Output markers of higher education research are ultimately a mixed array of outputs and outcomes. Some of these outputs translate into economic impact, while others are only useful in their own terms. Some are interrelated, while others create abstract societal benefit. The measures listed above are the most common and functional outputs and outcomes. The wider literature notes even further abstract metrics; a memorable piece published in 1984 examines the economic benefits of increased education level on categories including social cohesion, child quality through home activities, and “marital choice efficiency”.
The inconsistency of measurable outputs and outcomes raises important questions around the value of HERD. Government evaluation often focuses on those outputs easiest to quantify; publications, licensing, reputation, and number of graduates were used as markers by the Science and Technology Innovation Council (STIC). While these are useful metrics, conducting evaluation according to these quantifiable metrics neglects important venues for innovation, knowledge exchange, and human capital development.
Let us consider the Making Waves blog as a case study. The pieces here would rarely be counted in an H-Index or other publication metrics. Likewise, they will not produce licenses or options. Their impact on university reputation, as it is commonly calculated, is likely minimal. The impact on marital efficiency is, as of yet, indeterminate. Some metrics would say academic venues of this nature produce nothing; a black-hole of HERD expenditure.

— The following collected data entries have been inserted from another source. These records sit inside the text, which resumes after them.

lemma dvec_vanishes_on_self_determined:
  assumes sd: "self_determined G Gam i G'"
  shows "\<eta> \<in> G' \<Longrightarrow> \<delta> \<in> G \<Longrightarrow> \<delta> \<notin> G' \<Longrightarrow> dvec Gam i \<delta> \<eta> = 0"
proof (induction "level \<eta>" arbitrary: \<eta> \<delta> rule: less_induct)
  case less
  have G'G: "G' \<subseteq> G"
    using sd unfolding self_determined_def by blast
  obtain F c where F: "finite F" "F \<subseteq> G'"
    and rel: "\<And>\<delta>. \<delta> \<in> G \<Longrightarrow> (\<Sum>\<zeta>\<in>F. c \<zeta> * dvec Gam i \<delta> \<zeta>) = (if \<delta> = \<eta> then 1 else 0)"
    using self_determined_relation[OF sd less.prems(1)] by blast
  have \<eta>G: "\<eta> \<in> G" and FG: "F \<subseteq> G"
    using less.prems(1) F(2) G'G by auto
  have sum_eq: "(\<Sum>\<zeta>\<in>F. c \<zeta> * dvec Gam i \<delta>' \<zeta>) = (if \<eta> \<in> F then dvec Gam i \<delta>' \<eta> else 0)"
    if low: "\<And>\<zeta>. \<zeta> \<in> F \<Longrightarrow> level \<zeta> < level \<eta> \<Longrightarrow> dvec Gam i \<delta>' \<zeta> = 0" for \<delta>'
  proof -
    have "(\<Sum>\<zeta>\<in>F. c \<zeta> * dvec Gam i \<delta>' \<zeta>) = (\<Sum>\<zeta>\<in>F. if \<zeta> = \<eta> then dvec Gam i \<delta>' \<eta> else 0)"
    proof (rule sum.cong)
      fix \<zeta> assume "\<zeta> \<in> F"
      then show "c \<zeta> * dvec Gam i \<delta>' \<zeta> = (if \<zeta> = \<eta> then dvec Gam i \<delta>' \<eta> else 0)"
        using low[of \<zeta>] relation_coefficients_above_level[OF F(1) FG \<eta>G rel, of \<zeta>]
        by (cases "level \<zeta> < level \<eta>") auto
    qed simp
    then show ?thesis
      using F(1) by (simp add: sum.delta')
  qed
  have "dvec Gam i \<eta> \<zeta> = 0" if "\<zeta> \<in> F" "level \<zeta> < level \<eta>" for \<zeta>
    using that FG \<eta>G by (intro dvec_eq_0_if_level_le) auto
  then have "\<eta> \<in> F"
    using sum_eq[of \<eta>] rel[OF \<eta>G] by (auto split: if_splits)
  moreover have "dvec Gam i \<delta> \<zeta> = 0" if "\<zeta> \<in> F" "level \<zeta> < level \<eta>" for \<zeta>
    using less.hyps[OF that(2)] that(1) F(2) less.prems(2,3) by blast
  moreover have "\<delta> \<noteq> \<eta>"
    using less.prems by blast
  ultimately show ?case
    using sum_eq[of \<delta>] rel[OF less.prems(2)] by simp
qed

However, there are some truly excellent articles on this blog. The pieces are thought pieces, meant to inform the reader about interesting or novel ideas. They offer insight into the thoughts and direction of some of the strongest minds in the country. They offer graduate writers a venue to vet ideas, to test sections of upcoming works and to practice professional writing. They allow the communication of ideas created through decades of experience without the burdens of formal academic publication.
The organization providing this blog, CSIP, has been instrumental to many of my academic endeavours; I have attended every presentation or conference they have promoted in my graduate school tenure. These have informed my thesis direction, served as excellent networking, and advanced what I hope becomes high-value research. The “Making Waves” site has provided insights into behavioural psychology, nuclear technology, and regulatory structures. The writing of this article has produced applied writing experience from a collection of disjointed thoughts on HERD, and catalyzed several discussions amongst peers about innovation, publication, and epistemology. These are valuable outcomes – outcomes that have sidestepped a distinct quantification of “outputs”.